As told to Madeleine Holden.

When I heard about Women’s March London in 2017, I knew I needed to be there. I was living in Shepherd’s Bush at the time, and I wanted to be part of the international movement protesting Trump’s election and the fact that he was a misogynist, white supremacist and all-round terrible human being. 

I knew the demonstration was going to be huge, and it was: more than 100,000 people turned out to protest the US president. I went with a friend of mine and we stayed the whole day; spending hours walking from the US Embassy in Grosvenor Square in Mayfair to Trafalgar Square in central London. By the time we arrived, it was late afternoon, and when two guys rocked up on a push bike with a sound system, we joined the impromptu party that formed around them. It was a really friendly atmosphere, and I was dancing and feeling great.

Suddenly, I became aware of a person approaching me.

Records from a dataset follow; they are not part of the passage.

(* Fix a material point and let $T>0$. Let $t\mapsto\bm C(t)$, $t\in[0,T]$, be a smooth curve of symmetric positive-definite tensors, and for $\alpha=1,\dots,m$ let $t\mapsto\bm\Gamma^\alpha(t)$ be the solution on $[0,T]$ of $$\eta^\alpha\frac{d\bm\Gamma^\alpha}{dt}=\tilde{\bm S}^\alpha_{\mathrm{iso}}(\tilde{\bm C}(t))-\hat{\bm S}^\alpha_0-\mu^\alpha(\bm\Gamma^\alpha-\bm I)$$ with a given symmetric initial value, where $\tilde{\bm C}(t)=\det(\bm C(t))^{-1/3}\bm C(t)$. For $t_n\in[0,T)$ and $0<\Delta t_n\le T-t_n$ set $\bm C_n:=\bm C(t_n)$, $\bm C_{n+1}:=\bm C(t_n+\Delta t_n)$, $\bm\Gamma^\alpha_n:=\bm\Gamma^\alpha(t_n)$, $\bm\Gamma^\alpha_{n+1}:=\bm\Gamma^\alpha(t_n+\Delta t_n)$, $\bm\Gamma^\alpha_{n+\frac12}:=\frac12(\bm\Gamma^\alpha_n+\bm\Gamma^\alpha_{n+1})$, $\bm C_{n+\frac12}:=\frac12(\bm C_n+\bm C_{n+1})$, $\tilde{\bm C}_k:=\det(\bm C_k)^{-1/3}\bm C_k$, $\bm Z_n:=(\bm C_{n+1}-\bm C_n)/2$, $\bm S_{\mathrm{iso}\,n+\frac12}:=\bm S_{\mathrm{iso}}(\bm C_{n+\frac12},\bm\Gamma^1_{n+\frac12},\dots,\bm\Gamma^m_{n+\frac12})$, and $$\bm S_{\mathrm{iso\,enh2}}:=\frac{G_{\mathrm{iso}}(\tilde{\bm C}_{n+1},\bm\Gamma^1_{n+\frac12},\dots,\bm\Gamma^m_{n+\frac12})-G_{\mathrm{iso}}(\tilde{\bm C}_{n},\bm\Gamma^1_{n+\frac12},\dots,\bm\Gamma^m_{n+\frac12})-\bm S_{\mathrm{iso}\,n+\frac12}:\bm Z_n}{|\bm Z_n|^2}\bm Z_n$$ (and $\bm S_{\mathrm{iso\,enh2}}:=\bm 0$ if $\bm Z_n=\bm 0$). Then $\bm S_{\mathrm{iso\,enh2}}$ is asymptotically second order in $\Delta t_n$: there are constants $K>0$ and $\delta>0$, independent of $t_n$ and $\Delta t_n$, such that $|\bm S_{\mathrm{iso\,enh2}}|\le K\Delta t_n^2$ whenever $0<\Delta t_n\le\delta$.
   Context: $|\bm A|=(\bm A:\bm A)^{1/2}$; $\bm I$ the identity tensor. Material model: fix $m\ge1$; for each $\alpha$: $\mu^\alpha>0$, $\eta^\alpha>0$, constant symmetric tensor $\hat{\bm S}^\alpha_0$, smooth scalar function $G^\alpha$ on symmetric positive-definite tensors with $\tilde{\bm S}^\alpha_{\mathrm{iso}}(\tilde{\bm C}):=2\partial G^\alpha/\partial\tilde{\bm C}$; $G^\infty_{\mathrm{iso}}$ smooth. $\Upsilon^\alpha(\tilde{\bm C},\bm\Gamma):=\frac{1}{4\mu^\alpha}|\tilde{\bm S}^\alpha_{\mathrm{iso}}(\tilde{\bm C})-\hat{\bm S}^\alpha_0-\mu^\alpha(\bm\Gamma-\bm I)|^2$; $G_{\mathrm{iso}}(\tilde{\bm C},\bm\Gamma^1,\dots,\bm\Gamma^m):=G^\infty_{\mathrm{iso}}(\tilde{\bm C})+\sum_\alpha\Upsilon^\alpha(\tilde{\bm C},\bm\Gamma^\alpha)$. For symmetric positive-definite $\bm C$, with $\tilde{\bm C}=\det(\bm C)^{-1/3}\bm C$ and $\tilde{\bm S}:=2\partial G_{\mathrm{iso}}/\partial\tilde{\bm C}$ (at fixed $\bm\Gamma^\alpha$) evaluated at $(\tilde{\bm C},\bm\Gamma^1,\dots,\bm\Gamma^m)$, the isochoric second Piola–Kirchhoff stress is $\bm S_{\mathrm{iso}}(\bm C,\bm\Gamma^1,\dots,\bm\Gamma^m):=\det(\bm C)^{-1/3}\big(\tilde{\bm S}-\tfrac13(\bm C:\tilde{\bm S})\bm C^{-1}\big)$. *)

theory Defs
  imports "HOL-Analysis.Analysis"
begin

type_synonym tensor = "real^3^3"

definition ddot :: "tensor \<Rightarrow> tensor \<Rightarrow> real" where
  "ddot A B = (\<Sum>i\<in>UNIV. \<Sum>j\<in>UNIV. A$i$j * B$i$j)"

definition tnorm :: "tensor \<Rightarrow> real" where
  "tnorm A = sqrt (ddot A A)"

definition spd :: "tensor \<Rightarrow> bool" where
  "spd C \<longleftrightarrow> transpose C = C \<and> (\<forall>x::real^3. x \<noteq> 0 \<longrightarrow> x \<bullet> (C *v x) > 0)"

text \<open>D l is the iterated partial derivative along the directions of the list l.\<close>
definition smooth_on :: "'a::euclidean_space set \<Rightarrow> ('a \<Rightarrow> 'b::real_normed_vector) \<Rightarrow> bool" where
  "smooth_on U f \<longleftrightarrow> (\<exists>D :: 'a list \<Rightarrow> 'a \<Rightarrow> 'b. D [] = f \<and>
     (\<forall>l. set l \<subseteq> Basis \<longrightarrow> continuous_on U (D l) \<and>
        (\<forall>x\<in>U. (D l has_derivative (\<lambda>h. \<Sum>i\<in>Basis. (h \<bullet> i) *\<^sub>R D (i # l) x)) (at x within U))))"

definition Eij :: "3 \<Rightarrow> 3 \<Rightarrow> tensor" where
  "Eij i j = axis i (axis j 1)"

text \<open>Derivative dG/dC of a scalar function with respect to a symmetric tensor argument:
  the symmetric tensor D with DG(C)[H] = D:H for all symmetric H.\<close>
definition sgrad :: "(tensor \<Rightarrow> real) \<Rightarrow> tensor \<Rightarrow> tensor" where
  "sgrad G C = (\<chi> i j. (frechet_derivative G (at C) (Eij i j) + frechet_derivative G (at C) (Eij j i)) / 2)"

definition Ctil :: "tensor \<Rightarrow> tensor" where
  "Ctil C = (det C powr (-1/3)) *\<^sub>R C"

definition Siso_alpha :: "(tensor \<Rightarrow> real) \<Rightarrow> tensor \<Rightarrow> tensor" where
  "Siso_alpha G Ct = 2 *\<^sub>R sgrad G Ct"

definition Upsilon :: "real \<Rightarrow> tensor \<Rightarrow> (tensor \<Rightarrow> real) \<Rightarrow> tensor \<Rightarrow> tensor \<Rightarrow> real" where
  "Upsilon mu S0 G Ct Gam = 1 / (4 * mu) * (tnorm (Siso_alpha G Ct - S0 - mu *\<^sub>R (Gam - mat 1)))\<^sup>2"

definition Giso :: "nat \<Rightarrow> (nat \<Rightarrow> real) \<Rightarrow> (nat \<Rightarrow> tensor) \<Rightarrow> (nat \<Rightarrow> tensor \<Rightarrow> real)
    \<Rightarrow> (tensor \<Rightarrow> real) \<Rightarrow> tensor \<Rightarrow> (nat \<Rightarrow> tensor) \<Rightarrow> real" where
  "Giso m mu S0 G Ginf Ct Gam = Ginf Ct + (\<Sum>\<alpha>=1..m. Upsilon (mu \<alpha>) (S0 \<alpha>) (G \<alpha>) Ct (Gam \<alpha>))"

definition Siso :: "nat \<Rightarrow> (nat \<Rightarrow> real) \<Rightarrow> (nat \<Rightarrow> tensor) \<Rightarrow> (nat \<Rightarrow> tensor \<Rightarrow> real)
    \<Rightarrow> (tensor \<Rightarrow> real) \<Rightarrow> tensor \<Rightarrow> (nat \<Rightarrow> tensor) \<Rightarrow> tensor" where
  "Siso m mu S0 G Ginf C Gam =
     (let St = 2 *\<^sub>R sgrad (\<lambda>X. Giso m mu S0 G Ginf X Gam) (Ctil C)
      in (det C powr (-1/3)) *\<^sub>R (St - ((1/3) * ddot C St) *\<^sub>R matrix_inv C))"

definition Senh2 :: "nat \<Rightarrow> (nat \<Rightarrow> real) \<Rightarrow> (nat \<Rightarrow> tensor) \<Rightarrow> (nat \<Rightarrow> tensor \<Rightarrow> real)
    \<Rightarrow> (tensor \<Rightarrow> real) \<Rightarrow> (real \<Rightarrow> tensor) \<Rightarrow> (nat \<Rightarrow> real \<Rightarrow> tensor) \<Rightarrow> real \<Rightarrow> real \<Rightarrow> tensor" where
  "Senh2 m mu S0 G Ginf C Gam tn dt =
     (let Cn = C tn; Cn1 = C (tn + dt);
          Gh = (\<lambda>\<alpha>. (1/2) *\<^sub>R (Gam \<alpha> tn + Gam \<alpha> (tn + dt)));
          Ch = (1/2) *\<^sub>R (Cn + Cn1);
          Z = (1/2) *\<^sub>R (Cn1 - Cn);
          Sh = Siso m mu S0 G Ginf Ch Gh
      in if Z = 0 then 0
         else ((Giso m mu S0 G Ginf (Ctil Cn1) Gh - Giso m mu S0 G Ginf (Ctil Cn) Gh - ddot Sh Z)
               / (tnorm Z)\<^sup>2) *\<^sub>R Z)"

end

theory Submission
  imports Defs
begin

text \<open>
  Write X = C_{n+1/2} and Z = (C_{n+1} - C_n)/2, so that C_n = X - Z and C_{n+1} = X + Z, and let
  g(C) = G_iso(Ctilde(C), Gamma_{n+1/2}). By the chain rule 2 Dg(X)[Z] = S_iso(X, Gamma_{n+1/2}) : Z,
  so the numerator of S_iso,enh2 is the error g(X + Z) - g(X - Z) - 2 Dg(X)[Z] of the midpoint rule.
  For a C^3 function this error is O(|Z|^3) on a compact convex set (third-order Taylor expansion along
  the segment from X - Z to X + Z); here that set is the convex hull of the curve C, which consists of
  SPD tensors. Hence |S_iso,enh2| = O(|Z|^2), and |Z| = O(dt) because C is Lipschitz.

  The constant must not depend on Gamma_{n+1/2}. Expanding the squares in Upsilon^alpha shows that g is
  a fixed smooth function plus a linear combination of the entries of Stilde^alpha_iso(Ctilde(C)) with
  coefficients bounded in terms of a bound for Gamma^alpha on [0, T]. Of the evolution equation only
  this boundedness (i.e. continuity of Gamma^alpha) is used.
\<close>

section \<open>Functions of class C^k\<close>

text \<open>Partial derivatives are taken at x in the whole space, not within U, so that U may be a
  set with empty interior such as the symmetric positive-definite tensors.\<close>
fun Ck_on :: "nat \<Rightarrow> 'a::euclidean_space set \<Rightarrow> ('a \<Rightarrow> real) \<Rightarrow> bool" where
  "Ck_on 0 U f \<longleftrightarrow> continuous_on U f"
| "Ck_on (Suc k) U f \<longleftrightarrow> continuous_on U f \<and> (\<exists>f'. (\<forall>i\<in>Basis. Ck_on k U (f' i)) \<and>
      (\<forall>x\<in>U. (f has_derivative (\<lambda>h. \<Sum>i\<in>Basis. (h \<bullet> i) * f' i x)) (at x)))"

declare Ck_on.simps(2) [simp del]

lemma Ck_on_SucI:
  assumes "continuous_on U f" "\<And>i. i \<in> Basis \<Longrightarrow> Ck_on k U (f' i)"
    "\<And>x. x \<in> U \<Longrightarrow> (f has_derivative (\<lambda>h. \<Sum>i\<in>Basis. (h \<bullet> i) * f' i x)) (at x)"
  shows "Ck_on (Suc k) U f"
  using assms by (auto simp: Ck_on.simps(2))

lemma Ck_on_SucE:
  assumes "Ck_on (Suc k) U f"
  obtains f' where "continuous_on U f" "\<And>i. i \<in> Basis \<Longrightarrow> Ck_on k U (f' i)"
    "\<And>x. x \<in> U \<Longrightarrow> (f has_derivative (\<lambda>h. \<Sum>i\<in>Basis. (h \<bullet> i) * f' i x)) (at x)"
  using assms by (auto simp: Ck_on.simps(2))

lemma Ck_on_imp_continuous_on: "Ck_on k U f \<Longrightarrow> continuous_on U f"
  by (cases k) (auto elim: Ck_on_SucE)

lemma Ck_on_SucD: "Ck_on (Suc k) U f \<Longrightarrow> Ck_on k U f"
proof (induction k arbitrary: f)
  case (Suc k)
  then obtain f' where "continuous_on U f" "\<And>i. i \<in> Basis \<Longrightarrow> Ck_on (Suc k) U (f' i)"
    "\<And>x. x \<in> U \<Longrightarrow> (f has_derivative (\<lambda>h. \<Sum>i\<in>Basis. (h \<bullet> i) * f' i x)) (at x)"
    by (elim Ck_on_SucE) blast
  then show ?case by (intro Ck_on_SucI[where f'=f']) (auto intro: Suc.IH)
qed (auto elim: Ck_on_SucE)

lemma Ck_on_imp_differentiable: "Ck_on (Suc k) U f \<Longrightarrow> x \<in> U \<Longrightarrow> f differentiable (at x)"
  by (auto simp: differentiable_def elim!: Ck_on_SucE)

lemma Ck_on_subset: "Ck_on k U f \<Longrightarrow> T \<subseteq> U \<Longrightarrow> Ck_on k T f"
proof (induction k arbitrary: f)
  case 0
  then show ?case by (simp add: continuous_on_subset[of U f T])
next
  case (Suc k)
  obtain f' where f': "continuous_on U f" "\<And>i. i \<in> Basis \<Longrightarrow> Ck_on k U (f' i)"
    "\<And>x. x \<in> U \<Longrightarrow> (f has_derivative (\<lambda>h. \<Sum>i\<in>Basis. (h \<bullet> i) * f' i x)) (at x)"
    using Suc.prems(1) by (elim Ck_on_SucE) blast
  show ?case
  proof (rule Ck_on_SucI[where f'=f'])
    show "continuous_on T f" using f'(1) Suc.prems(2) by (rule continuous_on_subset)
    show "Ck_on k T (f' i)" if "i \<in> Basis" for i using Suc.IH[OF f'(2)[OF that] Suc.prems(2)] .
    show "(f has_derivative (\<lambda>h. \<Sum>i\<in>Basis. (h \<bullet> i) * f' i x)) (at x)" if "x \<in> T" for x
      using f'(3) that Suc.prems(2) by blast
  qed
qed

There was light in my eyes and I couldn’t see clearly, so initially I thought I was being approached by a hot, pixie-cut lesbian. By the time I realised the stranger wasn’t a lesbian but just a boyish incel holding a camera, I had a second guy – a very posh-talking, Slender Man figure – thrust a mic in my face and start firing questions at me. I was like, “What the fuck is going on?”

I now know the man was Caolan Robertson, a then-nascent far-right YouTuber, but he didn’t introduce himself or his project at the time. When someone sticks a camera and mic in your face, you freeze. I had no idea what was going on, but I figured if I stayed calm and answered his questions, I would get out of the situation soon enough. 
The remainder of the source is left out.